IOSCO Backs Transparency Reports for Audit Firms

The International Organization of Securities Commissions is encouraging audit firms to be more transparent to investors about their practices by producing a new kind of report.

The report, Transparency of Firms that Audit Public Companies, addresses the subject of audit firm transparency reporting. For the report, IOSCO considered the practices used by audit firms to be transparent in their own reporting to investors and other stakeholders about the firm itself, particularly with respect to firm governance and elements of their system of quality control for their financial statement audits.

Transparency reporting can foster internal introspection and discipline within audit firms and may encourage audit firms to sharpen their focus on audit quality, which would be of benefit to investors and other stakeholders, IOSCO noted. In comparing audit firms competing for an audit engagement, audit firm transparency reporting can help those responsible for selecting a public company’s auditor in their decision making process by providing information on a firm’s audit quality.

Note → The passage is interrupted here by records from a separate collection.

(* Consider the PSSG described in the context in the MIDDLE-MIDDLE scenario: $(L+x_1)\lambda<k_1\mu_1\le(L+x_2)\lambda$ and $(L-x_2)\lambda<k_2\mu_2\le(L-x_1)\lambda$, and assume $k_1\mu_1+k_2\mu_2>2L\lambda$. Then for any prices $p_1,p_2\in[p_{\min},p_{\max}]$ the equation $$k_pd(p_1-p_2)+k_l(2x-x_1-x_2)+k_q\big(q_1(x+L)-q_2(L-x)\big)=0$$ has a unique root $x^*$, which satisfies $L-\frac{k_2\mu_2}{\lambda}<x^*<\frac{k_1\mu_1}{\lambda}-L$, and the Nash equilibrium of the PSSG is: every PEV at $x\in[-L,x^*]$ selects station 1 and every PEV at $x\in(x^*,L]$ selects station 2.
   Context: The system is the segment $[-L,L]$ ($L>0$) with two charging stations located at $x_1<x_2$, $-L<x_1<x_2<L$. Station $i\in\{1,2\}$ has $k_i\ge 1$ (integer) identical charging ports, PEV service times with mean $1/\mu_i$ ($\mu_i>0$) and variance $\sigma_i^2$, and announces a price $p_i\in[p_{\min},p_{\max}]$. A continuum of PEVs is uniformly distributed on $[-L,L]$, generating charging requests at rate $\lambda>0$ per unit length. Each PEV at location $x$ selects station 1 or 2, possibly at random; a strategy profile is described by the probability $\omega(x)\in[0,1]$ that the PEV at $x$ selects station 1. Let $a_1=\int_{-L}^{L}\omega(x)\,dx$ and $a_2=2L-a_1$. For $0\le a<k_i\mu_i/\lambda$, $$q_i(a)=\frac{a\lambda\,(\sigma_i^2+\frac{1}{\mu_i^2})\,\rho^{k_i-1}}{2(k_i-1)!\,(k_i-\rho)^2\Big[\sum_{m=0}^{k_i-1}\frac{\rho^m}{m!}+\frac{\rho^{k_i}}{(k_i-1)!(k_i-\rho)}\Big]},\qquad \rho=\frac{a\lambda}{\mu_i},$$ is the mean waiting time at station $i$, and $q_i(a)=+\infty$ if $a\ge k_i\mu_i/\lambda$ (overloaded queue). Given $a_1,a_2$ (which a single PEV cannot change), a PEV at $x$ selecting station $i$ gets payoff $U(i;x)=-k_l|x-x_i|-k_q\,q_i(a_i)-k_p\,d\,p_i$, with constants $k_l,k_q,k_p,d>0$; a randomized choice yields the expected payoff. A Nash equilibrium of the PSSG is a profile in which every PEV's (possibly mixed) choice maximizes its expected payoff given $a_1,a_2$. *)

theory Defs
  imports "HOL-Analysis.Analysis"
begin

text \<open>Mean waiting time q_i(a) at a station with k ports, mean service time 1/mu,
  service-time standard deviation sg (variance sg^2), request rate lam per unit length.\<close>
definition qwait :: "nat \<Rightarrow> real \<Rightarrow> real \<Rightarrow> real \<Rightarrow> real \<Rightarrow> ereal" where
  "qwait k mu sg lam a =
     (if a < real k * mu / lam then
        (let \<rho> = a * lam / mu in
         ereal ((a * lam * (sg\<^sup>2 + 1 / mu\<^sup>2) * \<rho> ^ (k - 1)) /
           (2 * fact (k - 1) * (real k - \<rho>)\<^sup>2 *
             ((\<Sum>m<k. \<rho> ^ m / fact m) + \<rho> ^ k / (fact (k - 1) * (real k - \<rho>))))))
      else \<infinity>)"

definition payoff :: "real \<Rightarrow> real \<Rightarrow> real \<Rightarrow> real \<Rightarrow> real \<Rightarrow> real \<Rightarrow> ereal \<Rightarrow> real \<Rightarrow> ereal" where
  "payoff kl kq kp d xi pri Q x = ereal (- kl * \<bar>x - xi\<bar> - kp * d * pri) - ereal kq * Q"

definition mixed_payoff :: "real \<Rightarrow> ereal \<Rightarrow> ereal \<Rightarrow> ereal" where
  "mixed_payoff w u1 u2 = ereal w * u1 + ereal (1 - w) * u2"

text \<open>Nash equilibrium of the PSSG: omega x = probability that the PEV at x selects station 1.\<close>
definition pssg_NE ::
  "real \<Rightarrow> real \<Rightarrow> real \<Rightarrow> nat \<Rightarrow> real \<Rightarrow> real \<Rightarrow> nat \<Rightarrow> real \<Rightarrow> real \<Rightarrow> real \<Rightarrow>
   real \<Rightarrow> real \<Rightarrow> real \<Rightarrow> real \<Rightarrow> real \<Rightarrow> real \<Rightarrow> (real \<Rightarrow> real) \<Rightarrow> bool" where
  "pssg_NE L x1 x2 k1 mu1 sg1 k2 mu2 sg2 lam kl kq kp d p1 p2 \<omega> \<longleftrightarrow>
     (\<forall>x\<in>{-L..L}. 0 \<le> \<omega> x \<and> \<omega> x \<le> 1) \<and> \<omega> integrable_on {-L..L} \<and>
     (let a1 = integral {-L..L} \<omega>; a2 = 2 * L - a1;
          Q1 = qwait k1 mu1 sg1 lam a1; Q2 = qwait k2 mu2 sg2 lam a2 in
      \<forall>x\<in>{-L..L}. \<forall>w\<in>{0..1}.
        mixed_payoff w (payoff kl kq kp d x1 p1 Q1 x) (payoff kl kq kp d x2 p2 Q2 x)
        \<le> mixed_payoff (\<omega> x) (payoff kl kq kp d x1 p1 Q1 x) (payoff kl kq kp d x2 p2 Q2 x))"

definition pssg_eq ::
  "real \<Rightarrow> real \<Rightarrow> real \<Rightarrow> nat \<Rightarrow> real \<Rightarrow> real \<Rightarrow> nat \<Rightarrow> real \<Rightarrow> real \<Rightarrow> real \<Rightarrow>
   real \<Rightarrow> real \<Rightarrow> real \<Rightarrow> real \<Rightarrow> real \<Rightarrow> real \<Rightarrow> real \<Rightarrow> ereal" where
  "pssg_eq L x1 x2 k1 mu1 sg1 k2 mu2 sg2 lam kl kq kp d p1 p2 x =
     ereal (kp * d * (p1 - p2) + kl * (2 * x - x1 - x2)) +
     ereal kq * (qwait k1 mu1 sg1 lam (x + L) - qwait k2 mu2 sg2 lam (L - x))"

end

theory Submission
  imports Defs
begin

text \<open>A threshold split at \<open>x\<close> loads station 1 with \<open>x + L\<close> and station 2 with \<open>L - x\<close>;
  neither station is overloaded exactly on the window \<open>L - c\<^sub>2 < x < c\<^sub>1 - L\<close>,
  where \<open>c\<^sub>i = k\<^sub>i \<mu>\<^sub>i / \<lambda>\<close>. The Erlang waiting time increases strictly in the
  load and blows up at capacity, so on the window the left-hand side of the threshold equation is
  continuous, strictly increasing, and runs from \<open>-\<infinity>\<close> to \<open>\<infinity>\<close>: it has a unique root \<open>x\<^sup>*\<close>.
  At the load \<open>x\<^sup>* + L\<close> the waiting times balance the prices, so a PEV prefers station 1
  exactly when it lies left of \<open>x\<^sup>*\<close>, and the threshold strategy is an equilibrium. In any
  equilibrium an overloaded station would be abandoned by everybody, so both queues are finite;
  a load of station 1 below (above) \<open>x\<^sup>* + L\<close> would make it strictly more (less) attractive to
  everybody, pushing the load back up (down). Hence the load is \<open>x\<^sup>* + L\<close>, and every PEV other
  than the one at \<open>x\<^sup>*\<close> has a strict preference.\<close>

section \<open>Erlang waiting time\<close>

definition erlang_wait :: "nat \<Rightarrow> real \<Rightarrow> real \<Rightarrow> real \<Rightarrow> real \<Rightarrow> real" where
  "erlang_wait k mu sg lam a =
     (let \<rho> = a * lam / mu in
      (a * lam * (sg\<^sup>2 + 1 / mu\<^sup>2) * \<rho> ^ (k - 1)) /
        (2 * fact (k - 1) * (real k - \<rho>)\<^sup>2 *
          ((\<Sum>m<k. \<rho> ^ m / fact m) + \<rho> ^ k / (fact (k - 1) * (real k - \<rho>)))))"

lemma qwait_eq_erlang_wait:
  "qwait k mu sg lam a =
     (if a < real k * mu / lam then ereal (erlang_wait k mu sg lam a) else \<infinity>)"
  by (simp add: qwait_def erlang_wait_def Let_def)

text \<open>Since \<open>(\<Sum>m<k. r ^ m / fact m) = r ^ k * erlang_sum k r\<close>, dividing numerator and
  denominator of the waiting time by \<open>\<rho> ^ k\<close> leaves a positive constant over
  \<open>erlang_denom k \<rho>\<close>, which decreases strictly to \<open>0\<close> as \<open>\<rho>\<close> approaches \<open>k\<close>.\<close>
definition erlang_sum :: "nat \<Rightarrow> real \<Rightarrow> real" where
  "erlang_sum k r = (\<Sum>m<k. 1 / (fact m * r ^ (k - m)))"

definition erlang_denom :: "nat \<Rightarrow> real \<Rightarrow> real" where
  "erlang_denom k r = (real k - r) * (1 + fact (k - 1) * (real k - r) * erlang_sum k r)"

lemma erlang_sum_nonneg: "0 < r \<Longrightarrow> 0 \<le> erlang_sum k r"
  unfolding erlang_sum_def by (intro sum_nonneg) simp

The report includes an IOSCO statement and guide for audit firm transparency reporting to serve as a frame of reference for promoting good practice and contributing to high quality audit firm transparency reports.

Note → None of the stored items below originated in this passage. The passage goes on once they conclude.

lemma frame_of_type_C: "\<exists>Z. frame_of_type typeC_matrix I \<gamma> Z"
proof -
  have "kappa differentiable (at t)" if "t \<in> I" for t
    using smooth_on_has_vector_derivative[OF smooth_kappa that] by (rule differentiableI_vector)
  then obtain u :: "real^3" where u: "norm u = 1" "\<And>t c. t \<in> I \<Longrightarrow> kappa t = c *\<^sub>R u \<Longrightarrow> c = 0"
    using exists_unit_vector_not_parallel[where k = kappa and I = I] by auto
  have "kappa t \<noteq> (kappa t \<bullet> u) *\<^sub>R u" if "t \<in> I" for t
    using u(2)[OF that, of "kappa t \<bullet> u"] kappa_nonzero[OF that] by auto
  then obtain e1 where e1: "smooth_on I e1" "\<And>t. t \<in> I \<Longrightarrow> orthogonal_matrix (vector [e1 t, u, cross3 u (e1 t)])"
    "\<And>t. t \<in> I \<Longrightarrow> kappa t \<bullet> cross3 u (e1 t) = 0"
    using frame_with_fixed_axis[OF open_I smooth_kappa u(1)] by blast
  define e3 where "e3 t = cross3 u (e1 t)" for t
  have smooth_e: "smooth_on I e1" "smooth_on I e3"
    unfolding e3_def using e1(1) open_I
    by (auto intro: smooth_on_bilinear[OF _ bilinear_cross[unfolded bilinear_conv_bounded_bilinear]
        smooth_on_const])
  have orth: "orthogonal_matrix (vector [e1 t, u, e3 t])" if "t \<in> I" for t
    using e1(2)[OF that] by (simp add: e3_def)
  have perp: "e1 t \<bullet> u = 0" "e3 t \<bullet> u = 0" "e3 t \<bullet> e1 t = 0" if "t \<in> I" for t
    using orth[OF that] by (simp_all add: orthonormal_3_iff inner_commute)
  define e1' where "e1' t = vector_derivative e1 (at t)" for t
  define e3' where "e3' t = vector_derivative e3 (at t)" for t
  have de: "(e1 has_vector_derivative e1' t) (at t)" "(e3 has_vector_derivative e3' t) (at t)"
    if "t \<in> I" for t
    using smooth_on_has_vector_derivative[OF smooth_e(1) that]
      smooth_on_has_vector_derivative[OF smooth_e(2) that] by (simp_all add: e1'_def e3'_def)
  note Z = rotated_bishop_frame[OF smooth_e(1) smooth_on_const[OF open_I] smooth_e(2) orth
      de(1) has_vector_derivative_const de(2)]
  have "vector [
      vector [0, kappa t \<bullet> e1 t, kappa t \<bullet> u, kappa t \<bullet> e3 t],
      vector [- (kappa t \<bullet> e1 t), 0, e1' t \<bullet> u, e1' t \<bullet> e3 t],
      vector [- (kappa t \<bullet> u), 0 \<bullet> e1 t, 0, 0 \<bullet> e3 t],
      vector [- (kappa t \<bullet> e3 t), e3' t \<bullet> e1 t, e3' t \<bullet> u, 0]] =
    typeC_matrix (kappa t \<bullet> e1 t) (kappa t \<bullet> u) (e1' t \<bullet> e3 t)" if t: "t \<in> I" for t
  proof -
    have "e1' t \<bullet> u = 0" "e3' t \<bullet> u = 0" "e3' t \<bullet> e1 t = - (e1' t \<bullet> e3 t)"
      using inner_derivatives_sum_eq_0[OF open_I t de(1)[OF t] has_vector_derivative_const, of u 0]
        inner_derivatives_sum_eq_0[OF open_I t de(2)[OF t] has_vector_derivative_const, of u 0]
        inner_derivatives_sum_eq_0[OF open_I t de(2)[OF t] de(1)[OF t], of 0]
        perp by (auto simp: inner_commute add_eq_0_iff)
    moreover have "kappa t \<bullet> e3 t = 0"
      using e1(3)[OF t] by (simp add: e3_def)
    ultimately show ?thesis
      by (simp add: typeC_matrix_def)
  qed
  moreover have "smooth_on I (\<lambda>t. kappa t \<bullet> e1 t)" "smooth_on I (\<lambda>t. kappa t \<bullet> u)"
    "smooth_on I (\<lambda>t. e1' t \<bullet> e3 t)"
    unfolding e1'_def using open_I smooth_kappa smooth_e smooth_on_vector_derivative[OF _ smooth_e(1)]
    by (auto intro!: smooth_on_bilinear[OF _ bounded_bilinear_inner] smooth_on_const)
  ultimately show ?thesis
    using frame_of_typeI[OF Z(1) _ _ _ Z(2)] by blast
qed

IOSCO believes an audit firm transparency report could be considered of high quality if the information in the report includes, among other matters, reporting on the audit firm’s legal and governance structure; the audit firm’s measures to foster audit quality; the audit firm’s internal indicators of audit quality; and the audit firm’s indicators of audit quality as generated by the work of external bodies.

An audit firm transparency report should provide information that is clear, useful and presented in sufficient detail to be meaningful to the different groups of likely users of the report, according to IOSCO. The report should be fact-based, unbiased and not oriented toward marketing or selling services.

In addition, the report should be concise, specific to the firm and avoid the use of boilerplate language. The report should also be timely, accurate and complete. It should be balanced in communicating the audit firm’s output measures of audit quality in addition to any input measures. The report should also explain the limitations of the indicators of audit quality, including that the indicators may not be comparable across audit firms.

To prepare the report, IOSCO sponsored a roundtable on the quality of public company audits from a regulatory perspective, issuing a public consultation paper and analyzed the 21 comment letters it received. IOSCO also received input from several oversight bodies and others involved in audit work. In addition, the organization conducted research on current audit firm reporting practices and related regulatory reporting requirements within certain IOSCO member jurisdictions.